Le parfum de la Dame Noire : $b Physiologie humoristique de l'amour Africain
CHAPITRE VI
Des intermédiaires.
Est-ce parce que l’amour est aveugle ? Il est d’expérience courante et d’observation journalière qu’il lui faut un guide qui dirige ses pas maladroits vers l’objet aimé, le mette en rapport avec lui, aplanisse les difficultés de la route, et finalement le fasse toucher au but. En amour comme en affaires, on ne peut que difficilement se passer d’intermédiaire. Dans l’antiquité, cet intermédiaire était représenté par la nourrice traditionnelle chargée du service des postes et télégraphes entre sa jeune maîtresse et ses galants. En Espagne, c’est la duègne. Dans le théâtre de Molière, ce sont les valets et les femmes d’intrigue. Enfin, il existe un intermédiaire plus répandu et plus à la portée de tout le monde, auquel on a donné le nom malsonnant d’entremetteur. Et pourtant, ce nom est encore un euphémisme. Car, lorsqu’il s’agit d’amours vénales, le personnage assez peu considéré dont nous parlons est désigné dans l’opinion populaire par un terme devant lequel ne reculent ni Rabelais ni Mathurin Régnier, mais que je n’infligerai certes pas aux oreilles de mes lectrices. Qu’il me suffise de dire que ce terme, emprunté au vocabulaire de la pisciculture, exprime une profondeur vraiment sous-marine de mépris.

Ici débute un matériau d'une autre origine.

text \<open>Hermite-Hadamard for the convex function \<open>1 / sqrt (x * (m - x))\<close>: its value at \<open>s\<close> is at
  most its integral over \<open>[s - 1/2, s + 1/2]\<close>, and \<open>arcsin ((2 * x - m) / m)\<close> is a primitive.\<close>
lemma inverse_sqrt_le_arcsin_diff:
  fixes m s :: real
  assumes "1/2 < s" "s + 1/2 < m"
  shows "1 / sqrt (s * (m - s)) \<le> arcsin ((2 * s + 1 - m) / m) - arcsin ((2 * s - 1 - m) / m)"
proof -
  define f where "f x = 1 / sqrt (x * (m - x))" for x
  define F where "F x = arcsin ((2 * x - m) / m)" for x
  define G where "G h = F (s + h) - F (s - h) - 2 * h * f s" for h
  have G': "(G has_real_derivative f (s + h) + f (s - h) - 2 * f s) (at h)" if "0 \<le> h" "h \<le> 1/2" for h
  proof -
    have F': "(F has_real_derivative f x) (at x)" if "0 < x" "x < m" for x
      unfolding F_def f_def using that by (rule has_real_derivative_arcsin_chord)
    have "((\<lambda>h. F (s + h)) has_real_derivative f (s + h) * 1) (at h)"
      by (rule DERIV_chain2[OF F']) (use that assms in \<open>auto intro!: derivative_eq_intros\<close>)
    moreover have "((\<lambda>h. F (s - h)) has_real_derivative f (s - h) * (-1)) (at h)"
      by (rule DERIV_chain2[OF F']) (use that assms in \<open>auto intro!: derivative_eq_intros\<close>)
    ultimately show ?thesis
      unfolding G_def by (auto intro!: derivative_eq_intros)
  qed
  have convex: "2 * f s \<le> f (s + h) + f (s - h)" if "0 < h" "h < 1/2" for h
  proof -
    have "2 / sqrt (s * (m - s)) \<le> f (s + h) + f (s - h)"
      unfolding f_def using that assms
      by (intro inverse_sqrt_mean_le mult_pos_pos) (auto simp: algebra_simps)
    then show ?thesis by (simp add: f_def)
  qed
  have "G 0 \<le> G (1/2)"
  proof (rule DERIV_nonneg_imp_increasing_open[of 0 "1/2" G])
    show "\<exists>y. (G has_real_derivative y) (at h) \<and> 0 \<le> y" if "0 < h" "h < 1/2" for h
      using G'[of h] convex[of h] that by auto
    show "continuous_on {0..1/2} G"
      using G' by (intro continuous_at_imp_continuous_on ballI) (auto intro: DERIV_isCont)
  qed simp
  then show ?thesis
    by (simp add: G_def F_def f_def algebra_simps)
qed
lemma ksubsets_ne_empty:
  assumes "0 \<le> p" "p \<le> 1" "real k = p * real n"
  shows "ksubsets n k \<noteq> {}"
proof -
  have "k \<le> n"
    using assms by (metis mult_left_le_one_le of_nat_0_le_iff of_nat_le_iff)
  then have "card (ksubsets n k) \<noteq> 0" by (simp add: card_ksubsets)
  then show ?thesis by auto
qed

lemma inverse_card_ksubsets_le:
  assumes "0 < p" "p < 1" "real k = p * real n" "S \<in> ksubsets n k"
  shows "1 / real (card (ksubsets n k)) \<le> (real n + 1) * bernoulli_weight {1..n} p S"
proof -
  have "bernoulli_weight {1..n} p S = p ^ k * (1 - p) ^ (n - k)"
    using assms(4) by (simp add: ksubsets_def bernoulli_weight_eq)
  then have "real (card (ksubsets n k)) * bernoulli_weight {1..n} p S = pmf (binomial_pmf n p) k"
    using assms(1,2) by (simp add: card_ksubsets)
  moreover have "1 \<le> (real n + 1) * pmf (binomial_pmf n p) k"
    using assms(1-3) by (rule pmf_binomial_mode_ge)
  moreover have "0 < card (ksubsets n k)"
    using assms(4) finite_subset[OF ksubsets_subset_Pow] by (auto simp: card_gt_0_iff)
  ultimately show ?thesis by (simp add: divide_le_eq ac_simps)
qed

lemma prob_pair_pmf_of_set_le:
  assumes "finite X" "finite Y" "K \<subseteq> X" "L \<subseteq> Y" "K \<noteq> {}" "L \<noteq> {}"
    and "\<And>S. S \<in> K \<Longrightarrow> 1 / real (card K) \<le> w S" "\<And>T. T \<in> L \<Longrightarrow> 1 / real (card L) \<le> v T"
    and "\<And>S. S \<in> X \<Longrightarrow> 0 \<le> w S" "\<And>T. T \<in> Y \<Longrightarrow> 0 \<le> v T"
  shows "measure_pmf.prob (pair_pmf (pmf_of_set K) (pmf_of_set L)) E \<le> (\<Sum>(S, T)\<in>(X \<times> Y) \<inter> E. w S * v T)"
proof -
  let ?M = "pair_pmf (pmf_of_set K) (pmf_of_set L)"
  have fin: "finite K" "finite L"
    using assms(1-4) by (auto intro: finite_subset)
  have bound: "1 / (real (card K) * real (card L)) \<le> w S * v T" if "S \<in> K" "T \<in> L" for S T
    using mult_mono[OF assms(7)[OF that(1)] assms(8)[OF that(2)]] assms(3,4,9) that by auto
  have "measure_pmf.prob ?M E = measure_pmf.prob ?M ((K \<times> L) \<inter> E)"
    using measure_Int_set_pmf[of ?M E] fin assms(5,6) by (simp add: Int_commute)
  also have "\<dots> = (\<Sum>x\<in>(K \<times> L) \<inter> E. pmf ?M x)"
    using fin by (intro measure_measure_pmf_finite) auto
  also have "\<dots> = (\<Sum>(S, T)\<in>(K \<times> L) \<inter> E. 1 / (real (card K) * real (card L)))"
    using fin by (intro sum.cong refl) (auto simp: pmf_pair assms(5,6))
  also have "\<dots> \<le> (\<Sum>(S, T)\<in>(K \<times> L) \<inter> E. w S * v T)"
    by (intro sum_mono) (auto intro: bound)
  also have "\<dots> \<le> (\<Sum>(S, T)\<in>(X \<times> Y) \<inter> E. w S * v T)"
    using assms(1-4,9,10) by (intro sum_mono2) auto
  finally show ?thesis .
qed

lemma prob_ksubsets_le_bernoulli:
  assumes "0 < p" "p < 1" "0 < q" "q < 1" "real k = p * real n" "real l = q * real n"
  shows "measure_pmf.prob (pair_pmf (pmf_of_set (ksubsets n k)) (pmf_of_set (ksubsets n l))) E
     \<le> (real n + 1)^2 * (\<Sum>(S, T)\<in>(Pow {1..n} \<times> Pow {1..n}) \<inter> E.
                            bernoulli_weight {1..n} p S * bernoulli_weight {1..n} q T)"
proof -
  have "measure_pmf.prob (pair_pmf (pmf_of_set (ksubsets n k)) (pmf_of_set (ksubsets n l))) E
     \<le> (\<Sum>(S, T)\<in>(Pow {1..n} \<times> Pow {1..n}) \<inter> E.
          ((real n + 1) * bernoulli_weight {1..n} p S) * ((real n + 1) * bernoulli_weight {1..n} q T))"
    using ksubsets_ne_empty[of p k n] ksubsets_ne_empty[of q l n] assms
    by (intro prob_pair_pmf_of_set_le ksubsets_subset_Pow
          inverse_card_ksubsets_le[OF assms(1,2,5)] inverse_card_ksubsets_le[OF assms(3,4,6)])
       (auto intro!: mult_nonneg_nonneg bernoulli_weight_nonneg)
  then show ?thesis
    by (simp add: sum_distrib_left case_prod_unfold power2_eq_square ac_simps)
qed
(* Let $n\ge0$ be an integer and $S_n\in\mathbb R$, and define \[ M_n=\frac{1}{\sqrt{2\pi}}\int_{-\infty}^{\infty}\Big[\exp\Big(\eta S_n-\tfrac12\eta^2 n\Big)-1\Big]e^{-\eta^2/2}\,\frac{d\eta}{|\eta|}. \] Then \[ M_n=I\Big(\frac{S_n}{\sqrt{n+1}}\Big)-\frac{1}{\sqrt{2\pi}}\ln(1+n), \] where $I(x)=\int_0^x e^{u^2/2}\operatorname{erf}(u/\sqrt2)\,du$. Moreover $I$ is nonnegative, and consequently $M_n\ge-\frac{1}{\sqrt{2\pi}}\ln(1+n)$.
   Context: $\operatorname{erf}(z)=\frac{2}{\sqrt\pi}\int_0^z e^{-t^2}dt$. In the paper $S_n=\sum_{i\le n}(X_i-\mu)$ is the centered partial sum of a sequence of sub-Gaussian random variables; the identity holds pointwise for each value of $S_n$. *)

theory Defs
  imports "HOL-Analysis.Analysis"
begin

text \<open>Error function; signed interval integral, so erf is odd.\<close>
definition erf :: "real \<Rightarrow> real" where
  "erf z = 2 / sqrt pi * (LBINT t=0..z. exp (- (t^2)))"

definition I_fun :: "real \<Rightarrow> real" where
  "I_fun x = (LBINT u=0..x. exp (u^2 / 2) * erf (u / sqrt 2))"

text \<open>The integrand defining M_n (value at eta = 0 is irrelevant: null set).\<close>
definition M_integrand :: "nat \<Rightarrow> real \<Rightarrow> real \<Rightarrow> real" where
  "M_integrand n S \<eta> = (exp (\<eta> * S - \<eta>^2 * real n / 2) - 1) * exp (- (\<eta>^2) / 2) / \<bar>\<eta>\<bar>"

definition M_val :: "nat \<Rightarrow> real \<Rightarrow> real" where
  "M_val n S = 1 / sqrt (2 * pi) * (LBINT \<eta>. M_integrand n S \<eta>)"

end

theory Submission
  imports Defs "HOL-Probability.Distributions"
begin

text \<open>With a = n + 1 the integrand splits into two parameter integrals,
  (exp (eta S - a eta^2/2) - exp (- a eta^2/2)) / |eta| = int_0^S sgn eta exp (eta s - a eta^2/2) ds and
  (exp (- a eta^2/2) - exp (- eta^2/2)) / |eta| = - int_1^a |eta|/2 exp (- b eta^2/2) db,
  both dominated by Gaussians, so Fubini's theorem applies to each. Completing the square gives
  int sgn eta exp (eta s - a eta^2/2) d eta = sqrt (2 pi / a) exp (s^2/(2a)) erf (s / sqrt (2a)),
  which is sqrt (2 pi) times the derivative of s |-> I (s / sqrt a); and
  int |eta| exp (- b eta^2/2) d eta = 2 / b integrates to ln a.
  Finally, I is nonnegative because its integrand has the sign of u.\<close>

lemma has_real_derivative_interval_integral:
  fixes f :: "real \<Rightarrow> real" and c x :: real
  assumes "continuous_on UNIV f"
  shows "((\<lambda>u. LBINT y=c..u. f y) has_real_derivative f x) (at x)"
proof -
  have "((\<lambda>u. LBINT y=c..u. f y) has_vector_derivative f x) (at x within {min c x - 1..max c x + 1})"
    by (rule interval_integral_FTC2) (auto intro: continuous_on_subset[OF assms])
  moreover have "at x within {min c x - 1..max c x + 1} = at x"
    by (rule at_within_Icc_at) auto
  ultimately show ?thesis
    by (simp add: has_real_derivative_iff_has_vector_derivative)
qed

lemma interval_integral_FTC_real:
  fixes f F :: "real \<Rightarrow> real" and a b :: real
  assumes "continuous_on {min a b..max a b} f"
    and "\<And>x. min a b \<le> x \<Longrightarrow> x \<le> max a b \<Longrightarrow> (F has_real_derivative f x) (at x)"
  shows "(LBINT x=a..b. f x) = F b - F a"
  using assms
  by (intro interval_integral_FTC_finite)
    (auto simp: has_real_derivative_iff_has_vector_derivative[symmetric] intro: has_field_derivative_at_within)

lemma erf_has_real_derivative: "(erf has_real_derivative 2 / sqrt pi * exp (- (x^2))) (at x)"
  unfolding erf_def[abs_def] zero_ereal_def
  by (intro DERIV_cmult has_real_derivative_interval_integral continuous_intros)

lemma continuous_on_erf: "continuous_on A erf"
  using erf_has_real_derivative by (meson DERIV_isCont continuous_at_imp_continuous_on)

lemma erf_0 [simp]: "erf 0 = 0"
  by (simp add: erf_def zero_ereal_def)

lemma erf_minus: "erf (- x) = - erf x"
proof -
  have "((\<lambda>x. erf (- x) + erf x) has_real_derivative
      2 / sqrt pi * exp (- ((- x)^2)) * (- 1) + 2 / sqrt pi * exp (- (x^2))) (at x)" for x
    by (intro derivative_intros DERIV_chain2[OF erf_has_real_derivative] erf_has_real_derivative)
  then have "((\<lambda>x. erf (- x) + erf x) has_real_derivative 0) (at x)" for x
    by simp
  then show ?thesis
    using DERIV_isconst_all[of "\<lambda>x. erf (- x) + erf x" x 0] by simp
qed

lemma erf_nonneg: "0 \<le> x \<Longrightarrow> 0 \<le> erf x"
  using DERIV_nonneg_imp_nondecreasing[of 0 x erf] erf_has_real_derivative by fastforce

lemma erf_nonpos: "x \<le> 0 \<Longrightarrow> erf x \<le> 0"
  using erf_nonneg[of "- x"] by (simp add: erf_minus)

lemma I_fun_has_real_derivative:
  "(I_fun has_real_derivative exp (x^2 / 2) * erf (x / sqrt 2)) (at x)"
  unfolding I_fun_def[abs_def] zero_ereal_def
  by (intro has_real_derivative_interval_integral continuous_intros continuous_on_compose2[OF continuous_on_erf]) auto

lemma I_fun_0 [simp]: "I_fun 0 = 0"
  by (simp add: I_fun_def zero_ereal_def)

lemma I_fun_nonneg: "0 \<le> I_fun x"
proof (cases "0 \<le> x")
  case True
  have "I_fun 0 \<le> I_fun x"
  proof (rule DERIV_nonneg_imp_nondecreasing[OF True])
    fix y :: real assume "0 \<le> y"
    then have "0 \<le> erf (y / sqrt 2)" by (simp add: erf_nonneg)
    then show "\<exists>D. DERIV I_fun y :> D \<and> 0 \<le> D"
      using I_fun_has_real_derivative[of y] by (meson exp_ge_zero mult_nonneg_nonneg)
  qed
  then show ?thesis by simp
next
  case False
  have "I_fun 0 \<le> I_fun x"
  proof (rule DERIV_nonpos_imp_nonincreasing[of x 0 I_fun])
    fix y :: real assume "x \<le> y" "y \<le> 0"
    then have "erf (y / sqrt 2) \<le> 0" by (simp add: erf_nonpos divide_nonpos_pos)
    then show "\<exists>D. DERIV I_fun y :> D \<and> D \<le> 0"
      using I_fun_has_real_derivative[of y] by (meson exp_ge_zero mult_nonneg_nonpos)
  qed (use False in simp)
  then show ?thesis by simp
qed

lemma exp_minus_sq_eq_normal_density:
  fixes a x :: real
  assumes "0 < a"
  shows "exp (- (a * x^2) / 2) = sqrt (2 * pi / a) * normal_density 0 (1 / sqrt a) x"
  using assms by (simp add: normal_density_def power_divide real_sqrt_divide field_simps)

lemma integrable_exp_minus_sq:
  fixes a :: real
  assumes "0 < a"
  shows "integrable lborel (\<lambda>x. exp (- (a * x^2) / 2))"
  unfolding exp_minus_sq_eq_normal_density[OF assms] using assms by (auto intro: integrable_normal_density)

lemma has_bochner_integral_abs_mult_exp_minus_sq:
  fixes b :: real
  assumes "0 < b"
  shows "has_bochner_integral lborel (\<lambda>x. \<bar>x\<bar> * exp (- (b * x^2) / 2)) (2 / b)"
proof -
  have "has_bochner_integral lborel (\<lambda>x. normal_density 0 (1 / sqrt b) x * \<bar>x\<bar>) (sqrt (2 / pi) / sqrt b)"
    using normal_moment_abs_odd[of "1 / sqrt b" 0 0] assms by simp
  then have "has_bochner_integral lborel (\<lambda>x. sqrt (2 * pi / b) * (normal_density 0 (1 / sqrt b) x * \<bar>x\<bar>))
      (sqrt (2 * pi / b) * (sqrt (2 / pi) / sqrt b))"
    by (rule has_bochner_integral_mult_right)
  moreover have "sqrt (2 * pi / b) * (sqrt (2 / pi) / sqrt b) = 2 / b"
    using assms by (simp add: real_sqrt_divide real_sqrt_mult field_simps)
  ultimately show ?thesis
    unfolding exp_minus_sq_eq_normal_density[OF assms] by (simp add: ac_simps)
qed

lemma interval_integral_exp_minus_sq:
  fixes a c :: real
  assumes "0 < a"
  shows "(LBINT w=-c..c. exp (- (a * w^2) / 2)) = sqrt (2 * pi / a) * erf (c * sqrt (a / 2))"
proof -
  define F where "F w = sqrt (2 * pi / a) / 2 * erf (w * sqrt (a / 2))" for w
  have "(F has_real_derivative exp (- (a * w^2) / 2)) (at w)" for w
  proof -
    have "(F has_real_derivative sqrt (2 * pi / a) / 2 * (2 / sqrt pi * exp (- ((w * sqrt (a / 2))^2)) * (1 * sqrt (a / 2)))) (at w)"
      unfolding F_def[abs_def]
      by (intro DERIV_cmult DERIV_chain2[OF erf_has_real_derivative] DERIV_cmult_right DERIV_ident)
    moreover have "sqrt (2 * pi / a) / 2 * (2 / sqrt pi * exp (- ((w * sqrt (a / 2))^2)) * (1 * sqrt (a / 2)))
        = exp (- (a * w^2) / 2)"
      using assms by (simp add: power_mult_distrib real_sqrt_divide real_sqrt_mult field_simps)
    ultimately show ?thesis by simp
  qed
  then have "(LBINT w=-c..c. exp (- (a * w^2) / 2)) = F c - F (- c)"
    by (intro interval_integral_FTC_real continuous_intros) auto
  then show ?thesis
    by (simp add: F_def erf_minus)
qed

J’ai une réelle peine à constater qu’en pays nègre, c’est à cette classe justement honnie et grossièrement baptisée qu’appartiennent les intermédiaires d’amour. Ici, pas de nourrices, pas de confidents et, d’une manière générale, pas de femmes pour tenir le rôle. D’où cette première observation d’ordre général :
Dans les amours d’Afrique, l’intermédiaire est toujours un homme.

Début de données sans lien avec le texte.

(* Let $r\ge1$ and let $\mathcal{R}$ be a Rouquier block of $\mathcal{A}_e^r$ which is not a core block. Let $(\boldsymbol\lambda,\mathbf{s})\in\mathcal{R}$ and write $\eta(\lambda^{(k)},s_k)=(\boldsymbol\rho^k,\mathbf{t}^k)$ for $1\le k\le r$. Then $\sum_{k=1}^r t^k_{i+1}-\sum_{k=1}^r t^k_i\ge0$ for all $0\le i<e-1$.
   Context: Fix an integer $e\ge 2$. A partition is a weakly decreasing sequence $\lambda=(\lambda_1,\lambda_2,\dots)$ of non-negative integers with finite sum $|\lambda|$; $\Lambda$ denotes the set of partitions and $\Lambda^{(m)}$ the set of $m$-multipartitions, i.e. $m$-tuples $\boldsymbol\lambda=(\lambda^{(1)},\dots,\lambda^{(m)})$ of partitions, with $|\boldsymbol\lambda|=\sum_k|\lambda^{(k)}|$. A $\beta$-set is a subset $B\subseteq\mathbb{Z}$ containing all sufficiently small integers and no sufficiently large ones. For $\lambda\in\Lambda$ and $s\in\mathbb{Z}$ set $B_s(\lambda)=\{\lambda_i-i+s : i\ge 1\}$; every $\beta$-set equals $B_s(\lambda)$ for a unique pair $(\lambda,s)$. Let $\mathcal{A}_e=\Lambda\times\mathbb{Z}$ (abacus configurations with $e$ runners) and $\mathcal{A}_e^m=\Lambda^{(m)}\times\mathbb{Z}^m$. Blocks: for $(\boldsymbol\lambda,\mathbf{s})\in\mathcal{A}_e^m$, its $e$-residue multiset is the multiset of the values $s_k+y-x \bmod e$ over all nodes $(x,y,k)$ with $x\ge1$, $1\le y\le\lambda^{(k)}_x$, $1\le k\le m$. Define $(\boldsymbol\lambda,\mathbf{s})\approx_e(\boldsymbol\mu,\mathbf{s}')$ iff $\mathbf{s}=\mathbf{s}'$, $|\boldsymbol\lambda|=|\boldsymbol\mu|$ and the $e$-residue multisets coincide. Its equivalence classes are called blocks. The map $\eta$: for $(\lambda,s)\in\mathcal{A}_e$ with $B=B_s(\lambda)$ and $0\le i<e$, the set $C_i=\{(b-i)/e : b\in B,\ b\equiv i \bmod e\}$ is a $\beta$-set, so $C_i=B_{t_i}(\rho_i)$ for a unique $(\rho_i,t_i)\in\Lambda\times\mathbb{Z}$; set $\eta(\lambda,s)=((\rho_0,\dots,\rho_{e-1}),(t_0,\dots,t_{e-1}))$. The $e$-weight of $\lambda$ is $\mathrm{wt}(\lambda)=\sum_i|\rho_i|$ (it is positive iff $\lambda$ has a removable $e$-rim hook). Rouquier: $(\lambda,s)\in\mathcal{A}_e$ with $\eta(\lambda,s)=(\boldsymbol\rho,\mathbf{t})$ is a Rouquier partition if $\mathrm{wt}(\lambda)\le t_{i+1}-t_i+1$ for all $0\le i<e-1$. $(\boldsymbol\lambda,\mathbf{s})\in\mathcal{A}_e^r$ is a Rouquier multipartition if $(\lambda^{(k)},s_k)$ is a Rouquier partition for every $1\le k\le r$. A block of $\mathcal{A}_e^r$ is a Rouquier block if all its elements are Rouquier multipartitions. A block $\mathcal{R}$ of $\mathcal{A}_e^r$ is a core block if for every $(\boldsymbol\lambda,\mathbf{s})\in\mathcal{R}$ every component $\lambda^{(k)}$ has $e$-weight $0$ (no removable $e$-rim hooks). *)

theory Defs
  imports Main "HOL-Library.Multiset"
begin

Certainement cela est fâcheux pour la pudeur des belles défaillantes. Mais on comprendra combien vite se calme cette pudeur, si l’on songe que l’intermédiaire en question est généralement pour elles l’ami le plus intime, auquel elles ne cachent rien de leurs équipées, qui les provoque même et en tient un compte des mieux ordonné. Il est, d’ailleurs, d’une discrétion exemplaire qui garantit expressément le succès de son exploitation. Avec son profond instinct de dissimulation, ce Noir comprend qu’en amour plus qu’ailleurs, la langue est la pire et la meilleure des choses.
C’est le plus souvent un boy, votre propre boy.
Ce jeune domestique indigène est associé à toutes les manifestations de la vie coloniale. Il tient tout à la fois du valet de chambre, du blanchisseur, du cuisinier et du page. Il sert aussi, à l’occasion, à distraire les hôtes de passage. Au temps de la conquête du Soudan, une plaisanterie classique quand on traitait à table le camarade nouvellement arrivé de France, consistait à appuyer du doigt sur le nombril proéminent du boy occupé à servir, le torse nu, cependant qu’un compère faisait adroitement résonner sous la table le sonnerie d’un timbre. Il existe une autre mystification traditionnelle, toujours à l’adresse du camarade fraîchement débarqué, et qui se pratique également pendant les repas. L’un des convives lance une phrase remarquable par la forme ou le fond, et le boy souligne alors d’un air entendu : « comme dit M. de Tocqueville » ou « suivant la formule de Maurice Barrès ». Tête du nouveau camarade qui ne devine pas, d’abord, qu’on a seriné ces quelques mots au candide serviteur, sans qu’il en ait compris plus qu’un perroquet. Le boy, pour l’Européen dans la brousse, c’est le nègre-tender, comme aurait dit le brave général Poilloüe de Saint-Mars. Si vous ne savez pas toujours où il est, il sait, lui, où vous êtes et, en quelque endroit que Vous vous teniez, il ne manque jamais de vous retrouver à cette heure du soir où il doit vous apporter képi ou chapeau, pour le troquer contre le casque devenu inutile. C’est là une de ses sacramentelles attributions.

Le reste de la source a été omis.